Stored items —
(* Let $G$ be a bipartite quad-graph rhombically embedded in $\mathbb C$ (a cell decomposition of a simply connected planar domain, all faces rhombi with unit sides), with vertex set $V(G)=B\cup W$ of black and white vertices. Let $$f(\alpha)=\frac{\vartheta_1(\alpha/2)}{\vartheta_2(\alpha/2)},\qquad h(\lambda)=\frac{\vartheta_4((\lambda-\lambda_0)/2)}{\vartheta_3((\lambda-\lambda_0)/2)},$$ with constants $\lambda_0$ and a parameter $\lambda$ such that $f(\alpha-\lambda)\neq0$ for all edge directions $\alpha$ of $G$. Fix $v_0\in B$. Then the discrete exponential function $\mathbf e:V(G)\to\mathbb C$ with parameter $\lambda$, normalized by $\mathbf e(v_0)=1$, is given as follows: for any $v\in V(G)$ and any path $v_0,v_1,\dots,v_m=v$ along edges of $G$ with $v_k-v_{k-1}=e^{i\alpha_k}$, $$\mathbf e(v)=i^m\cdot\begin{cases}1,& v\in B,\\ h(\lambda),& v\in W\end{cases}\cdot\prod_{k=1}^m\frac{1}{f(\alpha_k-\lambda)}$$ (in particular this expression does not depend on the choice of the path).
   Context: Theta functions $\vartheta_k(z)=\vartheta_k(z|\tau)$, $\operatorname{Im}\tau>0$, are as in Whittaker–Watson: with $q^s:=e^{\pi i\tau s}$, $\vartheta_1(z)=2\sum_{n\ge0}(-1)^nq^{(n+1/2)^2}\sin((2n+1)z)$, $\vartheta_2(z)=2\sum_{n\ge0}q^{(n+1/2)^2}\cos((2n+1)z)$, $\vartheta_3(z)=1+2\sum_{n\ge1}q^{n^2}\cos(2nz)$, $\vartheta_4(z)=1+2\sum_{n\ge1}(-1)^nq^{n^2}\cos(2nz)$. With $g(\alpha,\beta)=f(\alpha-\beta)h(\alpha)h(\beta)$ one has the linear quad-equation on a rhombus with black $x_0,x_{12}$, white $x_1,x_2$, $x_1-x_0=e^{i\alpha}$, $x_2-x_0=e^{i\beta}$: $f(\alpha-\beta)x_{12}-g(\alpha,\beta)x_0=i(h(\beta)x_2-h(\alpha)x_1)$ (here $h(\lambda)h(\lambda+\pi)=1$). The discrete exponential function with parameter $\lambda$ is the Bäcklund transform with parameter $\lambda$ of the zero solution: imposing the quad-equation on the "vertical" quads $(b,w,w^+,b^+)$ over each edge, with zero background values, means that $\mathbf e$ satisfies, for every edge joining a black vertex $b$ to a white vertex $w$ with $w-b=e^{i\alpha}$, the relation $f(\alpha-\lambda)\,\mathbf e(w)=i\,h(\lambda)\,\mathbf e(b)$. It is determined by its value at one vertex. *)

theory Defs
  imports "HOL-Analysis.Analysis"
begin

section \<open>Theta functions (Whittaker--Watson), with q^s = exp(pi i tau s)\<close>

definition qpow :: "complex \<Rightarrow> complex \<Rightarrow> complex" where
  "qpow \<tau> s = exp (complex_of_real pi * \<i> * \<tau> * s)"

definition theta1 :: "complex \<Rightarrow> complex \<Rightarrow> complex" where
  "theta1 \<tau> z = 2 * (\<Sum>n. (-1) ^ n * qpow \<tau> ((of_nat n + 1/2)^2) * sin ((2 * of_nat n + 1) * z))"

definition theta2 :: "complex \<Rightarrow> complex \<Rightarrow> complex" where
  "theta2 \<tau> z = 2 * (\<Sum>n. qpow \<tau> ((of_nat n + 1/2)^2) * cos ((2 * of_nat n + 1) * z))"

definition theta3 :: "complex \<Rightarrow> complex \<Rightarrow> complex" where
  "theta3 \<tau> z = 1 + 2 * (\<Sum>n. qpow \<tau> ((of_nat n + 1)^2) * cos (2 * (of_nat n + 1) * z))"

definition theta4 :: "complex \<Rightarrow> complex \<Rightarrow> complex" where
  "theta4 \<tau> z = 1 + 2 * (\<Sum>n. (-1) ^ (n + 1) * qpow \<tau> ((of_nat n + 1)^2) * cos (2 * (of_nat n + 1) * z))"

WORK INSTRUCTIONS —
Lines above with the string "qpow" need to be found and copied.

ANSWER SPACE —
definition qpow :: "complex \<Rightarrow> complex \<Rightarrow> complex" where
  "qpow \<tau> s = exp (complex_of_real pi * \<i> * \<tau> * s)"
  "theta1 \<tau> z = 2 * (\<Sum>n. (-1) ^ n * qpow \<tau> ((of_nat n + 1/2)^2) * sin ((2 * of_nat n + 1) * z))"
  "theta2 \<tau> z = 2 * (\<Sum>n. qpow \<tau> ((of_nat n + 1/2)^2) * cos ((2 * of_nat n + 1) * z))"
  "theta3 \<tau> z = 1 + 2 * (\<Sum>n. qpow \<tau> ((of_nat n + 1)^2) * cos (2 * (of_nat n + 1) * z))"
  "theta4 \<tau> z = 1 + 2 * (\<Sum>n. (-1) ^ (n + 1) * qpow \<tau> ((of_nat n + 1)^2) * cos (2 * (of_nat n + 1) * z))"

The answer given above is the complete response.